We see in a mirror dimly. If you notice that you have a problem trusting people, you might see in others what you dare not see in yourself. We all have desirable and less desirable elements, and yet it can be hard to accept the less desirable parts in ourselves. So we split them off and see them in others. Instead of seeing that the untrustworthy parts of someone else are actually a mirror to the untrustworthy parts in ourselves, we believe that others are going to betray us. The trouble with this belief is that it becomes a self-fulfilling prophecy, because our belief that people cannot be trusted only serves to deter people, and then we end up alone anyway.
Subjective units of trust. Slowly build confidence to show our own imperfections, and trust that the other person will accept us as this whole, imperfect being. This could be achieved by creating a scale of 0-10 with examples of what you might do at each level to indicate an increasing sense of trust in the other person. For example, at level 3 you might feel comfortable with sharing stories about your day at work, and at level 5 you might share stories about a friend you have fallen out with, and at level 7 you might share stories about your difficult childhood, and you keep increasing your behaviour as you gradually trust the other person more, until you get to a fully trusting 10 out of 10. This is based on psychiatrist Joseph Wolpe’s Subjective Units of Distress (SUD), which he created to allow someone to measure their level of distress as they were exposed to things they feared.

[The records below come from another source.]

lemma permutes_atLeastAtMost_word_prod:
  assumes "b \<le> N" "w permutes {a..Suc b}"
  shows "\<exists>ws. set ws \<subseteq> {a..b} \<and> length ws = ninversions N w \<and> word_prod ws = w"
  using assms(2)
proof (induction "ninversions N w" arbitrary: w rule: less_induct)
  case less
  show ?case
  proof (cases "\<exists>i \<in> {a..b}. w (Suc i) < w i")
    case True
    then obtain i where i: "a \<le> i" "i \<le> b" "w (Suc i) < w i"
      by auto
    then have descent: "Suc (ninversions N (w \<circ> sref i)) = ninversions N w"
      using assms(1) by (intro ninversions_comp_sref_descent) auto
    have "w \<circ> sref i permutes {a..Suc b}"
      using i less.prems by (intro permutes_compose sref_permutes) auto
    then obtain ws where "set ws \<subseteq> {a..b}" "length ws = ninversions N (w \<circ> sref i)"
        "word_prod ws = w \<circ> sref i"
      using less.hyps descent by (metis lessI)
    then show ?thesis
      using i descent by (intro exI[of _ "ws @ [i]"]) (auto simp: word_prod_snoc comp_assoc)
  next
    case False
    have "w i < w (Suc i)" if "a \<le> i" "i < Suc b" for i
    proof -
      have "w i \<noteq> w (Suc i)"
        using permutes_inj[OF less.prems] by (metis injD n_not_Suc_n)
      moreover have "\<not> w (Suc i) < w i"
        using False that by auto
      ultimately show ?thesis
        by simp
    qed
    then have "w = id"
      using less.prems by (rule ascending_permutes_interval_eq_id[rotated])
    then show ?thesis
      by (intro exI[of _ "[]"]) simp
  qed
qed

lemma len_eq_ninversions:
  assumes "w \<in> parab {1..N}"
  shows "len N w = ninversions N w"
  unfolding len_def
proof (rule Least_equality)
  show "\<exists>ws. set ws \<subseteq> {1..N} \<and> length ws = ninversions N w \<and> word_prod ws = w"
    using permutes_atLeastAtMost_word_prod[OF order_refl parab_permutes[OF assms]] .
next
  fix k
  assume "\<exists>ws. set ws \<subseteq> {1..N} \<and> length ws = k \<and> word_prod ws = w"
  then show "ninversions N w \<le> k"
    using ninversions_word_prod_le by blast
qed

lemma inv_sref [simp]: "inv (sref i) = sref i"
  by (rule inv_unique_comp) simp_all

lemma bij_of_parab: "w \<in> parab K \<Longrightarrow> bij w"
  unfolding parab_def using bij_word_prod by blast

lemma len_inv_le:
  assumes "w \<in> parab {1..N}"
  shows "len N (inv w) \<le> len N w"
proof -
  obtain ws where ws: "set ws \<subseteq> {1..N}" "length ws = ninversions N w" "word_prod ws = w"
    using permutes_atLeastAtMost_word_prod[OF order_refl parab_permutes[OF assms]] by blast
  have "len N (inv w) = ninversions N (word_prod (rev ws))"
    using len_eq_ninversions[OF parab_inv[OF assms]] by (simp add: inv_word_prod flip: ws(3))
  also have "\<dots> \<le> length (rev ws)"
    using ws(1) by (intro ninversions_word_prod_le) simp
  also have "\<dots> = len N w"
    using ws(2) len_eq_ninversions[OF assms] by simp
  finally show ?thesis .
qed

lemma len_inv:
  assumes "w \<in> parab {1..N}"
  shows "len N (inv w) = len N w"
  using len_inv_le[OF assms] len_inv_le[OF parab_inv[OF assms]] inv_inv_eq[OF bij_of_parab[OF assms]]
  by simp

lemma rdes_eq:
  assumes "w \<in> parab {1..N}"
  shows "rdes N w = {i \<in> {1..N}. w (Suc i) < w i}"
proof -
  have "len N (w \<circ> sref i) < len N w \<longleftrightarrow> w (Suc i) < w i" if i: "i \<in> {1..N}" for i
  proof -
    have "w \<circ> sref i \<in> parab {1..N}"
      using assms i by (intro parab_comp sref_in_parab)
    then have "len N (w \<circ> sref i) = ninversions N (w \<circ> sref i)" "len N w = ninversions N w"
      using assms by (simp_all add: len_eq_ninversions)
    moreover have "w i \<noteq> w (Suc i)"
      using bij_of_parab[OF assms] by (metis bij_is_inj injD n_not_Suc_n)
    ultimately show ?thesis
      using ninversions_comp_sref_ascent[of i N w] ninversions_comp_sref_descent[of i N w] i
      by (cases "w i < w (Suc i)") auto
  qed
  then show ?thesis
    unfolding rdes_def by blast
qed

lemma ldes_eq_rdes_inv:
  assumes "w \<in> parab {1..N}"
  shows "ldes N w = rdes N (inv w)"
proof -
  have "len N (sref i \<circ> w) = len N (inv w \<circ> sref i)" if "i \<in> {1..N}" for i
  proof -
    have "sref i \<circ> w \<in> parab {1..N}"
      using assms that by (intro parab_comp sref_in_parab)
    then have "len N (sref i \<circ> w) = len N (inv (sref i \<circ> w))"
      by (simp add: len_inv)
    also have "inv (sref i \<circ> w) = inv w \<circ> sref i"
      using bij_of_parab[OF assms] bij_of_parab[OF sref_in_parab[OF that]] by (simp add: o_inv_distrib)
    finally show ?thesis .
  qed
  then show ?thesis
    unfolding ldes_def rdes_def using len_inv[OF assms] by auto
qed

section \<open>Longest elements of parabolic subgroups\<close>

definition reversal :: "nat \<Rightarrow> nat \<Rightarrow> nat \<Rightarrow> nat" where
  "reversal a c k = (if a \<le> k \<and> k \<le> c then a + c - k else k)"

lemma reversal_reversal [simp]: "reversal a c (reversal a c k) = k"
  by (auto simp: reversal_def)

lemma reversal_comp_reversal [simp]: "reversal a c \<circ> reversal a c = id"
  by auto

lemma inv_reversal [simp]: "inv (reversal a c) = reversal a c"
  by (rule inv_unique_comp) simp_all

lemma reversal_permutes: "reversal a c permutes {a..c}"
  by (rule inj_imp_permutes) (auto simp: reversal_def inj_on_def)

definition ordered_pairs :: "nat \<Rightarrow> nat \<Rightarrow> (nat \<times> nat) set" where
  "ordered_pairs a c = {(i, j). a \<le> i \<and> i < j \<and> j \<le> c}"

lemma finite_ordered_pairs [simp]: "finite (ordered_pairs a c)"
  by (rule finite_subset[of _ "{..c} \<times> {..c}"]) (auto simp: ordered_pairs_def)

lemma inversions_subset_ordered_pairs:
  assumes "w permutes {a..c}"
  shows "inversions N w \<subseteq> ordered_pairs a c"
proof clarify
  fix i j
  assume "(i, j) \<in> inversions N w"
  then have ij: "i < j" "w j < w i"
    by (auto simp: inversions_def)
  have "w i \<in> {a..c} \<longleftrightarrow> i \<in> {a..c}" "w j \<in> {a..c} \<longleftrightarrow> j \<in> {a..c}"
    by (rule permutes_in_image[OF assms])+
  moreover have "i \<notin> {a..c} \<Longrightarrow> w i = i" "j \<notin> {a..c} \<Longrightarrow> w j = j"
    by (simp_all add: permutes_not_in[OF assms])
  ultimately show "(i, j) \<in> ordered_pairs a c"
    using ij unfolding ordered_pairs_def by (cases "i < a"; cases "c < j") auto
qed

lemma inversions_reversal:
  assumes "c \<le> Suc N"
  shows "inversions N (reversal a c) = ordered_pairs a c"
proof
  show "inversions N (reversal a c) \<subseteq> ordered_pairs a c"
    using inversions_subset_ordered_pairs[OF reversal_permutes] .
  show "ordered_pairs a c \<subseteq> inversions N (reversal a c)"
    using assms by (auto simp: ordered_pairs_def inversions_def reversal_def)
qed

lemma descending_permutes_interval_eq_reversal:
  assumes "w permutes {a..c}" "\<And>i. a \<le> i \<Longrightarrow> i < c \<Longrightarrow> w (Suc i) < w i"
  shows "w = reversal a c"
proof -
  have "w \<circ> reversal a c permutes {a..c}"
    using assms(1) reversal_permutes by (rule permutes_compose[rotated])
  moreover have "(w \<circ> reversal a c) i < (w \<circ> reversal a c) (Suc i)" if "a \<le> i" "i < c" for i
  proof -
    have "reversal a c i = Suc (reversal a c (Suc i))" "a \<le> reversal a c (Suc i)"
        "reversal a c (Suc i) < c"
      using that by (auto simp: reversal_def)
    then show ?thesis
      using assms(2) by simp
  qed
  ultimately have "w \<circ> reversal a c = id"
    by (rule ascending_permutes_interval_eq_id)
  then show ?thesis
    by (metis comp_id comp_assoc reversal_comp_reversal)
qed

lemma reversal_in_parab: "reversal a (Suc b) \<in> parab {a..b}"
  using permutes_atLeastAtMost_word_prod[OF order_refl reversal_permutes] by (metis word_prod_in_parab)

lemma longest_eq_reversal:
  assumes "1 \<le> a" "b \<le> N"
  shows "longest N {a..b} = reversal a (Suc b)"
proof -
  let ?r = "reversal a (Suc b)"
  have parab_T: "v \<in> parab {1..N}" if "v \<in> parab {a..b}" for v
    using that parab_mono[of "{a..b}" "{1..N}"] assms by auto
  have len_parab: "len N v = card (inversions N v)" if "v \<in> parab {a..b}" for v
    using len_eq_ninversions[OF parab_T[OF that]] by (simp add: ninversions_def)
  have r: "?r \<in> parab {a..b}"
    by (rule reversal_in_parab)
  have len_r: "len N ?r = card (ordered_pairs a (Suc b))"
    using len_parab[OF r] inversions_reversal[of "Suc b" N a] assms(2) by simp
  have len_le: "len N v \<le> card (ordered_pairs a (Suc b))" if "v \<in> parab {a..b}" for v
    using len_parab[OF that] inversions_subset_ordered_pairs[OF parab_permutes[OF that]]
    by (simp add: card_mono)
  show ?thesis
    unfolding longest_def
  proof (rule some_equality)
    show "?r \<in> parab {a..b} \<and> (\<forall>v \<in> parab {a..b}. len N v \<le> len N ?r)"
      using r len_le len_r by simp
  next
    fix w
    assume w: "w \<in> parab {a..b} \<and> (\<forall>v \<in> parab {a..b}. len N v \<le> len N w)"
    then have perm: "w permutes {a..Suc b}"
      by (simp add: parab_permutes)
    have "card (ordered_pairs a (Suc b)) \<le> card (inversions N w)"
      using w r len_r len_parab by metis
    then have "inversions N w = ordered_pairs a (Suc b)"
      using inversions_subset_ordered_pairs[OF perm] by (simp add: card_seteq)
    then have "(i, Suc i) \<in> inversions N w" if "a \<le> i" "i < Suc b" for i
      using that by (simp add: ordered_pairs_def)
    then have "w (Suc i) < w i" if "a \<le> i" "i < Suc b" for i
      using that by (simp add: inversions_def)
    then show "w = ?r"
      by (rule descending_permutes_interval_eq_reversal[OF perm])
  qed
qed

lemma reversal_1_eq: "reversal 1 N = reversal 1 (Suc (N - 1))"
  by (cases N) (auto simp: reversal_def fun_eq_iff)

lemma longest_I_eq: "longest N {1..N-1} = reversal 1 N"
  using longest_eq_reversal[of 1 "N - 1" N] reversal_1_eq[of N] by simp

lemma longest_J_eq: "longest N {2..N} = reversal 2 (Suc N)"
  by (simp add: longest_eq_reversal)

lemma longest_T_eq: "longest N {1..N} = reversal 1 (Suc N)"
  by (simp add: longest_eq_reversal)

lemma reversal_1_in_parab: "reversal 1 N \<in> parab {1..N}"
proof -
  have "reversal 1 N \<in> parab {1..N - 1}"
    using reversal_in_parab[of 1 "N - 1"] reversal_1_eq[of N] by simp
  then show ?thesis
    using parab_mono[of "{1..N - 1}" "{1..N}"] by auto
qed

Timing is everything. Don’t trust too quickly, and don’t expect too much too soon. Trust takes time to build, and for good reason. We need to see how things develop before we know that it is safe to trust someone.
Monitor and evaluate their reactions. As you gradually learn to trust the other person more, you need to continuously monitor how they respond. There is no finite solution because the other person is not a static entity. They may change with time, just as you may. Learning to trust does not mean that you suddenly get to a point where you can drop your defences forever. You will always have to monitor and evaluate the other person’s reactions, to ensure they value and respect what you trust them with. A clear example of when you might withdraw the trust you gave the other person is when someone becomes abusive. It is important to remain aware of all the different forms of abuse, including physical, sexual, verbal, emotional, financial, and isolation.
A strength-based perspective. Daring to trust someone carries the risk of getting hurt. If we have confidence in our strength and resources, we can make informed choices, and we can feel more comfortable with the risk of things going wrong. If we doubt our inner strength, we might never let ourselves dare to trust, because the risk of getting hurt seems overwhelming. We need to search for our strengths and resources, and reinforce them. It takes time to build self-esteem, and this can be particularly difficult if we have survived a traumatic experience. The prospect of trusting someone might leave us fearful that we will be overwhelmed or trapped again. Healing from a traumatic experience takes time, but with the right help, it is possible to learn how to trust again.